I've just read a very nice article in the August edition of SELF magazine, titled "Bring on the birthdays!". It's under their self expression category swhich offers personal opinions of women of certain ages, in this case from 28 to 78. Each person describes what her coming of age means to her. The first vignette is by a woman aged 42 who describes overcoming her fear of being too old and too afraid to learn to surf. She finds a "bald, wiry and short" guy to teach her, hangs in there and finally learns after years of wanting it but being afraid. She describes it this way,
("A benefit of age is that you care less about looking foolish and you know the value of persistance.")I certainly agree with her perspective; not sure I'd go surfing, but it gives me something to think about with respect to facing my own fears.

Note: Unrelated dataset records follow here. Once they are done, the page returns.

lemma pigeonhole_norm_residues:
  fixes nrm :: "int \<Rightarrow> int \<Rightarrow> int"
  assumes "infinite A" and "\<And>h k. (h, k) \<in> A \<Longrightarrow> \<bar>nrm h k\<bar> \<le> M \<and> nrm h k \<noteq> 0"
  obtains h1 k1 h2 k2 where "(h1, k1) \<in> A" "(h2, k2) \<in> A" "(h1, k1) \<noteq> (h2, k2)"
    "nrm h2 k2 = nrm h1 k1" "[h1 = h2] (mod nrm h1 k1)" "[k1 = k2] (mod nrm h1 k1)"
proof -
  define g where "g = (\<lambda>(h, k). (nrm h k, h mod nrm h k, k mod nrm h k))"
  have "g ` A \<subseteq> {-M..M} \<times> {-M..M} \<times> {-M..M}"
  proof (rule image_subsetI, clarify)
    fix h k assume "(h, k) \<in> A"
    then have N: "\<bar>nrm h k\<bar> \<le> M" "nrm h k \<noteq> 0"
      using assms(2) by blast+
    have "z mod nrm h k \<in> {-M..M}" for z
    proof (cases "nrm h k > 0")
      case True
      then show ?thesis
        using N pos_mod_bound[OF True, of z] pos_mod_sign[OF True, of z] by auto
    next
      case False
      then have neg: "nrm h k < 0"
        using N by linarith
      then show ?thesis
        using N neg_mod_bound[OF neg, of z] neg_mod_sign[OF neg, of z] by auto
    qed
    with N show "g (h, k) \<in> {-M..M} \<times> {-M..M} \<times> {-M..M}"
      by (simp add: g_def abs_le_iff)
  qed
  then have "\<not> inj_on g A"
    using \<open>infinite A\<close> finite_imageD[of g A] finite_subset[of "g ` A"] by auto
  then obtain h1 k1 h2 k2 where "(h1, k1) \<in> A" "(h2, k2) \<in> A" "(h1, k1) \<noteq> (h2, k2)"
    and "g (h1, k1) = g (h2, k2)"
    unfolding inj_on_def by (metis surj_pair)
  moreover from this(4) have "nrm h2 k2 = nrm h1 k1" "[h1 = h2] (mod nrm h1 k1)" "[k1 = k2] (mod nrm h1 k1)"
    unfolding g_def cong_def by auto
  ultimately show thesis
    using that by blast
qed

lemma pell_solution_exists:
  assumes "\<not> is_square m"
  shows "\<exists>a b :: nat. b > 0 \<and> a^2 = m * b^2 + 1"
proof -
  define A where "A = approx_set (sqrt (real m))"
  have "infinite A"
    using assms sqrt_nat_in_Rats_imp_square by (auto simp: A_def simp flip: rational_iff_finite_approx_set)
  moreover have "\<bar>h^2 - int m * k^2\<bar> \<le> \<lceil>1 + 2 * sqrt (real m)\<rceil> \<and> h^2 - int m * k^2 \<noteq> 0"
    if "(h, k) \<in> A" for h k
    using that approx_set_sqrt_norm_bound[of h k m] approx_set_sqrt_norm_nonzero[OF assms, of h k]
      le_of_int_ceiling[of "1 + 2 * sqrt (real m)"] unfolding A_def by linarith
  ultimately obtain h1 k1 h2 k2 where in_A: "(h1, k1) \<in> A" "(h2, k2) \<in> A"
    and "(h1, k1) \<noteq> (h2, k2)" and N: "h2^2 - int m * k2^2 = h1^2 - int m * k1^2"
    and "[h1 = h2] (mod h1^2 - int m * k1^2)" "[k1 = k2] (mod h1^2 - int m * k1^2)"
    by (rule pigeonhole_norm_residues[of A "\<lambda>h k. h^2 - int m * k^2"])
  moreover have "h1^2 - int m * k1^2 \<noteq> 0"
    using approx_set_sqrt_norm_nonzero[OF assms] in_A(1) unfolding A_def by blast
  ultimately obtain a b where pell: "a^2 - int m * b^2 = 1"
    and "h1 * k2 - h2 * k1 = (h1^2 - int m * k1^2) * b"
    using pell_solution_from_equal_norms[OF _ refl N[symmetric]] by blast
  moreover have "h1 * k2 \<noteq> h2 * k1"
    using approx_set_cross_product_ne in_A \<open>(h1, k1) \<noteq> (h2, k2)\<close> unfolding A_def by blast
  ultimately have "b \<noteq> 0"
    by auto
  have "int ((nat \<bar>a\<bar>)^2) = int (m * (nat \<bar>b\<bar>)^2 + 1)"
    using pell by simp
  then have "(nat \<bar>a\<bar>)^2 = m * (nat \<bar>b\<bar>)^2 + 1"
    by (simp only: of_nat_eq_iff)
  with \<open>b \<noteq> 0\<close> show ?thesis
    by (intro exI[of _ "nat \<bar>a\<bar>"] exI[of _ "nat \<bar>b\<bar>"]) simp
qed

lemma prime_mod_4_eq_3_not_dvd_square_plus_1:
  fixes p y :: nat
  assumes p: "prime p" and "p mod 4 = 3"
  shows "\<not> p dvd y^2 + 1"
proof
  assume dvd: "p dvd y^2 + 1"
  have odd_exp: "p - 1 = 2 * (2 * (p div 4) + 1)"
    using \<open>p mod 4 = 3\<close> by presburger
  have "\<not> p dvd y"
  proof
    assume "p dvd y"
    then have "p dvd y^2"
      by (simp add: power2_eq_square)
    with dvd have "p dvd 1"
      using dvd_add_right_iff[of p "y^2" 1] by blast
    with p show False
      by simp
  qed
  then have "[y ^ (p - 1) = 1] (mod p)"
    by (rule fermat_theorem[OF p])
  then have "[int y ^ (p - 1) = 1] (mod int p)"
    using cong_int_iff[of "y ^ (p - 1)" 1 p] by simp
  moreover have "[int y ^ 2 = -1] (mod int p)"
  proof -
    have "int p dvd int (y^2 + 1)"
      using dvd by (simp only: int_dvd_int_iff)
    then show ?thesis
      by (simp add: cong_iff_dvd_diff add.commute)
  qed
  then have "[int y ^ (p - 1) = (-1) ^ (2 * (p div 4) + 1)] (mod int p)"
    unfolding odd_exp power_mult by (rule cong_pow)
  ultimately have "[1 = -1] (mod int p)"
    by (simp add: cong_sym_eq) (meson cong_sym cong_trans)
  then have "int p dvd 2"
    by (simp add: cong_iff_dvd_diff)
  then have "p dvd 2"
    by (metis int_dvd_int_iff of_nat_numeral)
  then have "p \<le> 2"
    by (simp add: dvd_imp_le)
  with \<open>p mod 4 = 3\<close> show False
    by simp
qed

lemma square_mod_4: "(x :: nat)^2 mod 4 = (if even x then 0 else 1)"
proof (cases "even x")
  case True
  then show ?thesis
    by (auto elim!: evenE simp: power2_eq_square)
next
  case False
  then obtain k where "x = 2 * k + 1"
    by (elim oddE)
  then have "x^2 = 4 * (k * k + k) + 1"
    by (simp add: power2_eq_square algebra_simps)
  with False show ?thesis
    by simp
qed

lemma coprime_mult_eq_square_split:
  fixes A B d e c :: nat
  assumes "coprime A B" "A * B = d * e * c^2" "d dvd A" "e dvd B" "d > 0" "e > 0" "c > 0"
  shows "\<exists>x y. A = d * x^2 \<and> B = e * y^2"
proof -
  obtain u v where A: "A = d * u" and B: "B = e * v"
    using assms(3,4) by (elim dvdE)
  have uv: "u * v = c^2"
    using assms(2,5,6) unfolding A B by (simp add: ac_simps)
  have "coprime u v"
    using assms(1) unfolding A B by simp
  moreover have "u > 0" "v > 0"
    using uv \<open>c > 0\<close> by (auto intro!: gr0I)
  ultimately have "is_square u" "is_square v"
    using uv is_nth_power_mult_coprime_natD[of u v 2] by auto
  with A B show ?thesis
    by (auto elim!: is_nth_powerE)
qed

lemma coprime_mult_eq_prime_pair_times_square:
  fixes A B p q c :: nat
  assumes p: "prime p" and q: "prime q" and "p \<noteq> q"
    and "coprime A B" and AB: "A * B = p * q * c^2" and "c > 0"
  shows "\<exists>x y. (A = p * x^2 \<and> B = q * y^2) \<or> (A = q * x^2 \<and> B = p * y^2)
    \<or> (A = p * q * x^2 \<and> B = y^2) \<or> (A = x^2 \<and> B = p * q * y^2)"
proof -
  note split = coprime_mult_eq_square_split[OF \<open>coprime A B\<close> _ _ _ _ _ \<open>c > 0\<close>]
  have "p > 0" "q > 0"
    using p q by (simp_all add: prime_gt_0_nat)
  have "p dvd A * B" "q dvd A * B"
    unfolding AB by simp_all
  then have "p dvd A \<or> p dvd B" "q dvd A \<or> q dvd B"
    using p q prime_dvd_mult_iff by blast+
  moreover have "coprime p q"
    using primes_coprime[OF p q \<open>p \<noteq> q\<close>] .
  ultimately consider "p dvd A" "q dvd B" | "q dvd A" "p dvd B" | "p * q dvd A" | "p * q dvd B"
    using divides_mult by blast
  then show ?thesis
  proof cases
    case 1
    then show ?thesis
      using split[of p q] AB \<open>p > 0\<close> \<open>q > 0\<close> by blast
  next
    case 2
    moreover have "A * B = q * p * c^2"
      using AB by (simp add: ac_simps)
    ultimately show ?thesis
      using split[of q p] \<open>p > 0\<close> \<open>q > 0\<close> by blast
  next
    case 3
    then show ?thesis
      using split[of "p * q" 1] AB \<open>p > 0\<close> \<open>q > 0\<close> by simp blast
  next
    case 4
    then show ?thesis
      using split[of 1 "p * q"] AB \<open>p > 0\<close> \<open>q > 0\<close> by simp blast
  qed
qed

lemma pell_mod_4_parity:
  fixes a b m :: nat
  assumes "m mod 4 = 1" and "a^2 = m * b^2 + 1"
  shows "even b" "odd a"
proof -
  have "(m * b^2) mod 4 = b^2 mod 4"
    using assms(1) by (metis mod_mult_left_eq mult_1)
  then have "a^2 mod 4 = (b^2 mod 4 + 1) mod 4"
    using assms(2) by (metis mod_add_left_eq)
  then show "even b" "odd a"
    unfolding square_mod_4 by (auto split: if_splits)
qed

lemma mixed_pell_descent:
  fixes p q :: nat
  assumes p: "prime p" and q: "prime q" and "p \<noteq> q" and "p mod 4 = 3" and "q mod 4 = 3"
  shows "b > 0 \<Longrightarrow> a^2 = p * q * b^2 + 1 \<Longrightarrow> \<exists>x y. p * x^2 = q * y^2 + 1 \<or> q * x^2 = p * y^2 + 1"
proof (induction b arbitrary: a rule: less_induct)
  case (less b)
  have "(p * q) mod 4 = 1"
    using assms(4,5) by (simp add: mod_mult_eq[symmetric])
  then have "even b" "odd a"
    using pell_mod_4_parity less.prems(2) by blast+
  \<comment> \<open>With \<open>a = 2\<beta> + 1\<close> and \<open>b = 2c\<close>, the Pell equation becomes \<open>(\<beta> + 1) \<beta> = p q c\<^sup>2\<close> with coprime factors.\<close>
  define \<beta> c where "\<beta> = a div 2" and "c = b div 2"
  have "a = 2 * \<beta> + 1" "b = 2 * c"
    using \<open>even b\<close> \<open>odd a\<close> by (simp_all add: \<beta>_def c_def)
  then have "4 * ((\<beta> + 1) * \<beta>) = 4 * (p * q * c^2)"
    using less.prems(2) by (simp add: power2_eq_square algebra_simps)
  then have prod: "(\<beta> + 1) * \<beta> = p * q * c^2"
    by simp
  moreover have "c > 0"
    using less.prems(1) \<open>b = 2 * c\<close> by simp
  moreover have "coprime (\<beta> + 1) \<beta>"
    by simp
  ultimately obtain x y where "(\<beta> + 1 = p * x^2 \<and> \<beta> = q * y^2) \<or> (\<beta> + 1 = q * x^2 \<and> \<beta> = p * y^2)
      \<or> (\<beta> + 1 = p * q * x^2 \<and> \<beta> = y^2) \<or> (\<beta> + 1 = x^2 \<and> \<beta> = p * q * y^2)"
    using coprime_mult_eq_prime_pair_times_square[OF p q \<open>p \<noteq> q\<close>] by blast
  then show ?case
  proof (elim disjE conjE)
    assume "\<beta> + 1 = p * q * x^2" "\<beta> = y^2"
    then have "p dvd y^2 + 1"
      by (metis dvd_triv_left mult.assoc)
    with prime_mod_4_eq_3_not_dvd_square_plus_1[OF p \<open>p mod 4 = 3\<close>] show ?thesis
      by blast
  next
    assume x: "\<beta> + 1 = x^2" and y: "\<beta> = p * q * y^2"
    \<comment> \<open>A smaller Pell solution: descend.\<close>
    have "p * q * (x * y)^2 = p * q * c^2"
      using prod[unfolded x, unfolded y] by (simp add: power_mult_distrib ac_simps)
    then have "x * y = c"
      using p q by (simp add: prime_gt_0_nat power2_eq_iff_nonneg)
    then have "0 < y" "y < b"
      using \<open>c > 0\<close> \<open>b = 2 * c\<close> by (auto intro!: gr0I dest!: sym[of "x * y"])
    moreover have "x^2 = p * q * y^2 + 1"
      using x y by simp
    ultimately show ?thesis
      using less.IH by blast
  qed (metis add.commute)+
qed

lemma mixed_pell_solvable:
  fixes p q :: nat
  assumes "prime p" "prime q" "p \<noteq> q" "p mod 4 = 3" "q mod 4 = 3"
  shows "\<exists>x y. p * x^2 = q * y^2 + 1 \<or> q * x^2 = p * y^2 + 1"
proof -
  have "\<not> is_square (p * q)"
  proof
    assume "is_square (p * q)"
    moreover have "coprime p q" "p > 0" "q > 0"
      using assms(1-3) by (simp_all add: primes_coprime prime_gt_0_nat)
    ultimately have "is_square (p ^ 1)"
      using is_nth_power_mult_coprime_natD(1)[of p q 2] by simp
    then show False
      unfolding is_nth_power_prime_power_nat_iff[OF \<open>prime p\<close>] by simp
  qed
  then obtain a b where "b > 0" "a^2 = p * q * b^2 + 1"
    using pell_solution_exists[of "p * q"] by blast
  then show ?thesis
    using mixed_pell_descent[OF assms] by blast
qed

section \<open>Subfields of the reals and quadratic extensions\<close>

lemma subfield_0: "is_subfield K \<Longrightarrow> 0 \<in> K"
  and subfield_1: "is_subfield K \<Longrightarrow> 1 \<in> K"
  and subfield_add: "is_subfield K \<Longrightarrow> x \<in> K \<Longrightarrow> y \<in> K \<Longrightarrow> x + y \<in> K"
  and subfield_mult: "is_subfield K \<Longrightarrow> x \<in> K \<Longrightarrow> y \<in> K \<Longrightarrow> x * y \<in> K"
  and subfield_uminus: "is_subfield K \<Longrightarrow> x \<in> K \<Longrightarrow> - x \<in> K"
  by (auto simp: is_subfield_def)

lemma subfield_inverse: "is_subfield K \<Longrightarrow> x \<in> K \<Longrightarrow> inverse x \<in> K"
  by (cases "x = 0") (auto simp: is_subfield_def)

lemma subfield_diff: "is_subfield K \<Longrightarrow> x \<in> K \<Longrightarrow> y \<in> K \<Longrightarrow> x - y \<in> K"
  using subfield_add[of K x "- y"] subfield_uminus[of K y] by simp

lemma subfield_divide: "is_subfield K \<Longrightarrow> x \<in> K \<Longrightarrow> y \<in> K \<Longrightarrow> x / y \<in> K"
  using subfield_mult[of K x "inverse y"] subfield_inverse[of K y] by (simp add: divide_inverse)

lemma subfield_prod: "is_subfield K \<Longrightarrow> (\<And>i. i \<in> A \<Longrightarrow> f i \<in> K) \<Longrightarrow> prod f A \<in> K"
  by (induction A rule: infinite_finite_induct) (auto intro: subfield_1 subfield_mult)

lemma subfield_of_nat: "is_subfield K \<Longrightarrow> of_nat n \<in> K"
  by (induction n) (auto intro: subfield_0 subfield_1 subfield_add)

lemma subfield_of_int: "is_subfield K \<Longrightarrow> of_int n \<in> K"
  by (cases n rule: int_cases2) (auto intro: subfield_of_nat subfield_uminus)

lemma Rats_subset_subfield: "is_subfield K \<Longrightarrow> \<rat> \<subseteq> K"
  by (auto elim!: Rats_cases' intro!: subfield_divide subfield_of_int)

The eldest contributor writes of her reluctance to attend this year's family reunion at a lake. She positions her dilemma: sit on the shore in a coverup and watch her grandchildren cavort or participate? Her decision,
"I will look at my 70 year-old sister, Susie, and grin. Together we'll watch the grandchildren, so joyously alive, just like the two of us. Then I'll shed my cover-up and there I'll be in my new bathing suit on my old body which, despite three mornings a week at the gym, continues to succumb to gravity."Whew! I know how that feels even if I'm not 78. We've been going to a nearby lake and I've been in three of my bathing suits and they're all torturous. I need to get a grip.
Another woman's essay, titled "At 50, I'm keeping my vow", writes about her decision never to lie about her age.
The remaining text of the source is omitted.